◆ Your objective
Copy out every line from the records that includes "intro".

◆ Material to process
definition jmono :: "(nat \<Rightarrow> nat) \<Rightarrow> (nat \<Rightarrow> nat) \<Rightarrow> nat \<Rightarrow> jet" where
  "jmono a0 b0 l0 = (\<lambda>a b l. if a = a0 \<and> b = b0 \<and> l = l0 then 1 else 0)"

definition jmul :: "jet \<Rightarrow> jet \<Rightarrow> jet" where
  "jmul f g = (\<lambda>a b l. \<Sum>a1\<in>{a1. a1 \<le> a}. \<Sum>b1\<in>{b1. b1 \<le> b}. \<Sum>l1\<le>l.
       f a1 b1 l1 * g (\<lambda>i. a i - a1 i) (\<lambda>i. b i - b1 i) (l - l1))"

primrec jpow :: "jet \<Rightarrow> nat \<Rightarrow> jet" where
  "jpow f 0 = jmono (\<lambda>_. 0) (\<lambda>_. 0) 0"
| "jpow f (Suc k) = jmul f (jpow f k)"

definition unitidx :: "nat \<Rightarrow> nat \<Rightarrow> nat" where
  "unitidx j = (\<lambda>i. if i = j then 1 else 0)"

definition sqnorm :: "nat \<Rightarrow> jet" where
  "sqnorm n = (\<lambda>a b l. \<Sum>j<n - 1. jmono (unitidx j) (unitidx j) 0 a b l)"

definition hterm :: "nat \<Rightarrow> (nat \<Rightarrow> nat) \<Rightarrow> nat \<Rightarrow> jet" where
  "hterm n \<alpha> k = jmul (jmono \<alpha> (\<lambda>_. 0) 0)
      (jpow (jadd (sqnorm n) (jscale (2 * \<i>) (jmono (\<lambda>_. 0) (\<lambda>_. 0) 1))) k)"

text \<open>Formal sum  sum_{alpha,k} A^k_alpha w'^alpha (|w'|^2+2iv)^k, taken coefficientwise
  (for each monomial only finitely many terms contribute).\<close>
definition hser :: "nat \<Rightarrow> ((nat \<Rightarrow> nat) \<Rightarrow> nat \<Rightarrow> complex) \<Rightarrow> jet" where
  "hser n A = (\<lambda>a b l. \<Sum>\<^sub>\<infinity>(\<alpha>, k)\<in>{(\<alpha>, k). vidx n \<alpha>}. A \<alpha> k * hterm n \<alpha> k a b l)"

text \<open>Real part of a formal series (v is real, conj exchanges w' and conj w').\<close>
definition jRe :: "jet \<Rightarrow> jet" where
  "jRe g = (\<lambda>a b l. (g a b l + cnj (g b a l)) / 2)"

definition JP :: "nat \<Rightarrow> jet set" where
  "JP n = {jRe (hser n A) | A. True}"

definition jpart :: "nat \<Rightarrow> nat \<Rightarrow> nat \<Rightarrow> jet \<Rightarrow> jet" where
  "jpart n p q f = (\<lambda>a b l. if sum a {..<n - 1} = p \<and> sum b {..<n - 1} = q then f a b l else 0)"

definition dw :: "nat \<Rightarrow> jet \<Rightarrow> jet" where
  "dw j f = (\<lambda>a b l. of_nat (a j + 1) * f (a(j := a j + 1)) b l)"

definition dwb :: "nat \<Rightarrow> jet \<Rightarrow> jet" where
  "dwb j f = (\<lambda>a b l. of_nat (b j + 1) * f a (b(j := b j + 1)) l)"

definition lap' :: "nat \<Rightarrow> jet \<Rightarrow> jet" where
  "lap' n f = (\<lambda>a b l. \<Sum>j<n - 1. dw j (dwb j f) a b l)"

definition N0 :: "nat \<Rightarrow> jet set" where
  "N0 n = {f \<in> JE n. (\<forall>p q. min p q = 0 \<longrightarrow> jpart n p q f = jzero)
                    \<and> lap' n (jpart n 1 1 f) = jzero}"

definition real_subspace :: "jet set \<Rightarrow> bool" where
  "real_subspace S \<longleftrightarrow> jzero \<in> S \<and> (\<forall>f\<in>S. \<forall>g\<in>S. jadd f g \<in> S)
      \<and> (\<forall>c::real. \<forall>f\<in>S. jscale (complex_of_real c) f \<in> S)"

end

theory Submission
  imports Defs
begin

text \<open>
  Modulo \<open>\<N>\<^sub>0\<close>, a real jet \<open>f\<close> is determined by its pure coefficients \<open>f(a, 0, l)\<close>
  (those of \<open>w'\<^sup>a v\<^sup>l\<close>; the \<open>f(0, b, l)\<close> are their conjugates) and by the real traces
  \<open>t\<^sub>l = \<Sum>\<^sub>j f(e\<^sub>j, e\<^sub>j, l)\<close>, which encode \<open>\<Delta>'A\<^sub>1\<^sub>,\<^sub>1\<close>. For \<open>h = Re \<Sum> A\<^sup>k\<^sub>\<alpha> w'\<^sup>\<alpha> (2 w\<^sub>n)\<^sup>k\<close>
  the coefficient of \<open>w'\<^sup>\<alpha> v\<^sup>l\<close> is \<open>A\<^sup>l\<^sub>\<alpha> (2i)\<^sup>l / 2\<close> for \<open>\<alpha> \<noteq> 0\<close> and \<open>Re (A\<^sup>l\<^sub>0 (2i)\<^sup>l)\<close> for
  \<open>\<alpha> = 0\<close>, while \<open>t\<^sub>l = (n - 1) (l + 1) Re (A\<^sup>l\<^sup>+\<^sup>1\<^sub>0 (2i)\<^sup>l)\<close>. Since \<open>n \<ge> 2\<close>, \<open>A\<close> can be chosen
  to match these data of any \<open>f\<close>, and then \<open>f - h \<in> \<N>\<^sub>0\<close>. If they all vanish, then
  \<open>A\<^sup>k\<^sub>\<alpha> = 0\<close> for \<open>\<alpha> \<noteq> 0\<close>, and \<open>z = A\<^sup>l\<^sup>+\<^sup>1\<^sub>0 (2i)\<^sup>l\<close> has \<open>Re z = Re (2i z) = 0\<close>, so \<open>z = 0\<close>;
  only an imaginary \<open>A\<^sup>0\<^sub>0\<close> survives, whence \<open>h = 0\<close> and \<open>\<N>\<^sub>0 \<inter> J\<P> = 0\<close>.
\<close>

lemma vidx_zero [simp]: "vidx n (\<lambda>_. 0)"
  unfolding vidx_def by simp

lemma vidx_sum_eq_0: "vidx n a \<Longrightarrow> sum a {..<n - 1} = 0 \<Longrightarrow> a = (\<lambda>_. 0)"
  unfolding vidx_def by (auto simp: fun_eq_iff) (metis lessThan_iff not_le)

lemma vidx_unitidx: "j < n - 1 \<Longrightarrow> vidx n (unitidx j)"
  unfolding vidx_def unitidx_def by auto

lemma sum_unitidx: "j < m \<Longrightarrow> sum (unitidx j) {..<m} = 1"
  unfolding unitidx_def by simp

lemma unitidx_le_iff: "unitidx i \<le> unitidx j \<longleftrightarrow> i = j"
  unfolding unitidx_def le_fun_def by (metis le_zero_eq one_neq_zero order_refl)

lemma unitidx_not_le_zero [simp]: "\<not> unitidx j \<le> (\<lambda>_. 0)"
  unfolding unitidx_def le_fun_def by (metis le_zero_eq one_neq_zero)

lemma unitidx_neq_zero: "unitidx j \<noteq> (\<lambda>_. 0)"
  by (metis unitidx_not_le_zero order_refl)

lemma upd_zero_eq_unitidx: "(\<lambda>_. 0::nat)(j := Suc 0) = unitidx j"
  unfolding unitidx_def by auto

lemma finite_le_vidx:
  assumes "vidx n a"
  shows "finite {a1. a1 \<le> a}"
proof (rule finite_subset)
  let ?I = "{..<n - 1}" and ?B = "{..sum a {..<n - 1}}"
  show "{a1. a1 \<le> a} \<subseteq> {f. \<forall>i. (i \<in> ?I \<longrightarrow> f i \<in> ?B) \<and> (i \<notin> ?I \<longrightarrow> f i = 0)}"
  proof (intro subsetI CollectI allI conjI impI)
    fix f i assume "f \<in> {a1. a1 \<le> a}"
    then have "f i \<le> a i" by (simp add: le_fun_def)
    moreover have "a i \<le> sum a ?I" if "i \<in> ?I" using that by (intro member_le_sum) auto
    moreover have "a i = 0" if "i \<notin> ?I" using assms that by (simp add: vidx_def)
    ultimately show "i \<in> ?I \<Longrightarrow> f i \<in> ?B" "i \<notin> ?I \<Longrightarrow> f i = 0" by auto
  qed
  show "finite {f. \<forall>i. (i \<in> ?I \<longrightarrow> f i \<in> ?B) \<and> (i \<notin> ?I \<longrightarrow> f i = 0)}"
    by (rule finite_set_of_finite_funs) auto
qed

lemma jmul_nonzeroE:
  assumes "jmul f g a b l \<noteq> 0"
  obtains a1 b1 l1 where "a1 \<le> a" "b1 \<le> b" "l1 \<le> l" "f a1 b1 l1 \<noteq> 0"
    "g (\<lambda>i. a i - a1 i) (\<lambda>i. b i - b1 i) (l - l1) \<noteq> 0"
proof -
  have "jmul f g a b l = 0" if "\<not> (\<exists>a1 b1 l1. a1 \<le> a \<and> b1 \<le> b \<and> l1 \<le> l \<and> f a1 b1 l1 \<noteq> 0 \<and>
      g (\<lambda>i. a i - a1 i) (\<lambda>i. b i - b1 i) (l - l1) \<noteq> 0)"
    using that unfolding jmul_def by (auto intro!: sum.neutral)
  with assms that show thesis by blast
qed

lemma jmul_jmono_left:
  assumes "finite {a1. a1 \<le> a}" "finite {b1. b1 \<le> b}"
  shows "jmul (jmono \<alpha> \<beta> m) g a b l =
    (if \<alpha> \<le> a \<and> \<beta> \<le> b \<and> m \<le> l then g (\<lambda>i. a i - \<alpha> i) (\<lambda>i. b i - \<beta> i) (l - m) else 0)"
proof -
  let ?G = "\<lambda>(a1, b1, l1). g (\<lambda>i. a i - a1 i) (\<lambda>i. b i - b1 i) (l - l1)"
  have "jmul (jmono \<alpha> \<beta> m) g a b l
      = (\<Sum>p \<in> {a1. a1 \<le> a} \<times> {b1. b1 \<le> b} \<times> {..l}. if p = (\<alpha>, \<beta>, m) then ?G p else 0)"
    unfolding jmul_def jmono_def sum.cartesian_product by (intro sum.cong) (auto split: if_splits)
  with assms show ?thesis by simp
qed

lemma jmul_jadd_left: "jmul (jadd f g) h = jadd (jmul f h) (jmul g h)"
  unfolding jmul_def jadd_def by (simp add: distrib_right sum.distrib)

lemma jmul_jscale_left: "jmul (jscale c f) h = jscale c (jmul f h)"
  unfolding jmul_def jscale_def by (simp add: sum_distrib_left mult.assoc)

lemma jmul_sum_left:
  "finite J \<Longrightarrow> jmul (\<lambda>a b l. \<Sum>j\<in>J. F j a b l) h a b l = (\<Sum>j\<in>J. jmul (F j) h a b l)"
proof (induction J rule: finite_induct)
  case empty
  then show ?case by (simp add: jmul_def)
next
  case (insert x J)
  then have "(\<lambda>a b l. \<Sum>j\<in>insert x J. F j a b l) = jadd (F x) (\<lambda>a b l. \<Sum>j\<in>J. F j a b l)"
    by (simp add: jadd_def)
  with insert show ?case
    using jmul_jadd_left[of "F x" "\<lambda>a b l. \<Sum>j\<in>J. F j a b l"] by (simp add: jadd_def)
qed

lemma jRe_jadd: "jRe (jadd f g) = jadd (jRe f) (jRe g)"
  unfolding jRe_def jadd_def by (simp add: fun_eq_iff field_simps)

lemma jRe_jscale_of_real: "jRe (jscale (of_real c) f) = jscale (of_real c) (jRe f)"
  unfolding jRe_def jscale_def by (simp add: algebra_simps)

lemma jRe_jzero: "jRe jzero = jzero"
  unfolding jRe_def jzero_def by simp

lemma jRe_cnj: "jRe g b a l = cnj (jRe g a b l)"
  by (simp add: jRe_def add.commute)

lemma jRe_diag: "jRe g a a l = of_real (Re (g a a l))"
  by (simp add: jRe_def complex_add_cnj)

lemma JE_cnj: "f \<in> JE n \<Longrightarrow> f b a l = cnj (f a b l)"
  unfolding JE_def by blast

lemma JE_vidx: "f \<in> JE n \<Longrightarrow> f a b l \<noteq> 0 \<Longrightarrow> vidx n a \<and> vidx n b"
  unfolding JE_def by blast

lemma JE_diag_real: "f \<in> JE n \<Longrightarrow> f a a l = of_real (Re (f a a l))"
  using JE_cnj[of f n a a l] by (simp add: complex_eq_iff)

lemma JE_real_subspace: "real_subspace (JE n)"
  unfolding real_subspace_def
proof (intro conjI ballI allI)
  show "jzero \<in> JE n" unfolding JE_def jzero_def by simp
  fix f g assume f: "f \<in> JE n" and g: "g \<in> JE n"
  have "vidx n a \<and> vidx n b" if "f a b l + g a b l \<noteq> 0" for a b l
    using that JE_vidx[OF f, of a b l] JE_vidx[OF g, of a b l] by (cases "f a b l = 0") auto
  moreover have "f b a l + g b a l = cnj (f a b l + g a b l)" for a b l
    by (simp add: JE_cnj[OF f, of a b l] JE_cnj[OF g, of a b l])
  ultimately show "jadd f g \<in> JE n" unfolding JE_def jadd_def by blast
next
  fix c :: real and f assume f: "f \<in> JE n"
  have "vidx n a \<and> vidx n b" if "of_real c * f a b l \<noteq> 0" for a b l
    using that JE_vidx[OF f, of a b l] by simp
  moreover have "of_real c * f b a l = cnj (of_real c * f a b l)" for a b l
    by (simp add: JE_cnj[OF f, of a b l])
  ultimately show "jscale (of_real c) f \<in> JE n" unfolding JE_def jscale_def by blast
qed

lemma real_subspace_diff: "real_subspace S \<Longrightarrow> f \<in> S \<Longrightarrow> g \<in> S \<Longrightarrow> jadd f (jscale (-1) g) \<in> S"
  unfolding real_subspace_def by (metis of_real_1 of_real_minus)

lemma real_subspace_decomposition_unique:
  assumes "real_subspace S" "real_subspace T" "\<And>f. f \<in> S \<Longrightarrow> f \<in> T \<Longrightarrow> f = jzero"
    and "g1 \<in> S" "g2 \<in> S" "h1 \<in> T" "h2 \<in> T" "jadd g1 h1 = jadd g2 h2"
  shows "g1 = g2 \<and> h1 = h2"
proof -
  have "g1 a b l + h1 a b l = g2 a b l + h2 a b l" for a b l
    using fun_cong[OF fun_cong[OF fun_cong[OF assms(8)]]] by (simp add: jadd_def)
  then have "jadd g1 (jscale (-1) g2) = jadd h2 (jscale (-1) h1)"
    unfolding jadd_def jscale_def fun_eq_iff by (simp add: algebra_simps diff_eq_eq eq_diff_eq)
  moreover have "jadd g1 (jscale (-1) g2) \<in> S" "jadd h2 (jscale (-1) h1) \<in> T"
    using assms real_subspace_diff by blast+
  ultimately have "jadd g1 (jscale (-1) g2) = jzero" using assms(3) by metis
  with \<open>jadd g1 (jscale (-1) g2) = jadd h2 (jscale (-1) h1)\<close> show ?thesis
    by (simp add: jadd_def jscale_def jzero_def fun_eq_iff)
qed

text \<open>On the sphere \<open>2 Re w\<^sub>n = |w'|\<^sup>2\<close>, so \<open>|w'|\<^sup>2 + 2 i v = 2 w\<^sub>n\<close> and \<open>hterm n \<alpha> k\<close>
  is \<open>w'\<^sup>\<alpha> (2 w\<^sub>n)\<^sup>k\<close>.\<close>

definition two_wn :: "nat \<Rightarrow> jet" where
  "two_wn n = jadd (sqnorm n) (jscale (2 * \<i>) (jmono (\<lambda>_. 0) (\<lambda>_. 0) 1))"

lemma hterm_eq_jmul_jpow: "hterm n \<alpha> k = jmul (jmono \<alpha> (\<lambda>_. 0) 0) (jpow (two_wn n) k)"
  unfolding hterm_def two_wn_def ..

lemma two_wn_nonzero:
  assumes "two_wn n a b l \<noteq> 0"
  shows "a = b \<and> vidx n a \<and> sum a {..<n - 1} + l = 1"
proof (cases "sqnorm n a b l = 0")
  case True
  with assms have "jmono (\<lambda>_. 0) (\<lambda>_. 0) 1 a b l \<noteq> 0"
    unfolding two_wn_def jadd_def jscale_def by auto
  then show ?thesis unfolding jmono_def by (auto split: if_splits)
next
  case False
  then obtain j where "j < n - 1" "jmono (unitidx j) (unitidx j) 0 a b l \<noteq> 0"
    unfolding sqnorm_def by (meson lessThan_iff sum.not_neutral_contains_not_neutral)
  then show ?thesis unfolding jmono_def by (auto simp: vidx_unitidx sum_unitidx split: if_splits)
qed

◆ Solution for this exercise
  proof (intro subsetI CollectI allI conjI impI)
    moreover have "a i \<le> sum a ?I" if "i \<in> ?I" using that by (intro member_le_sum) auto
    using that unfolding jmul_def by (auto intro!: sum.neutral)
    unfolding jmul_def jmono_def sum.cartesian_product by (intro sum.cong) (auto split: if_splits)
proof (intro conjI ballI allI)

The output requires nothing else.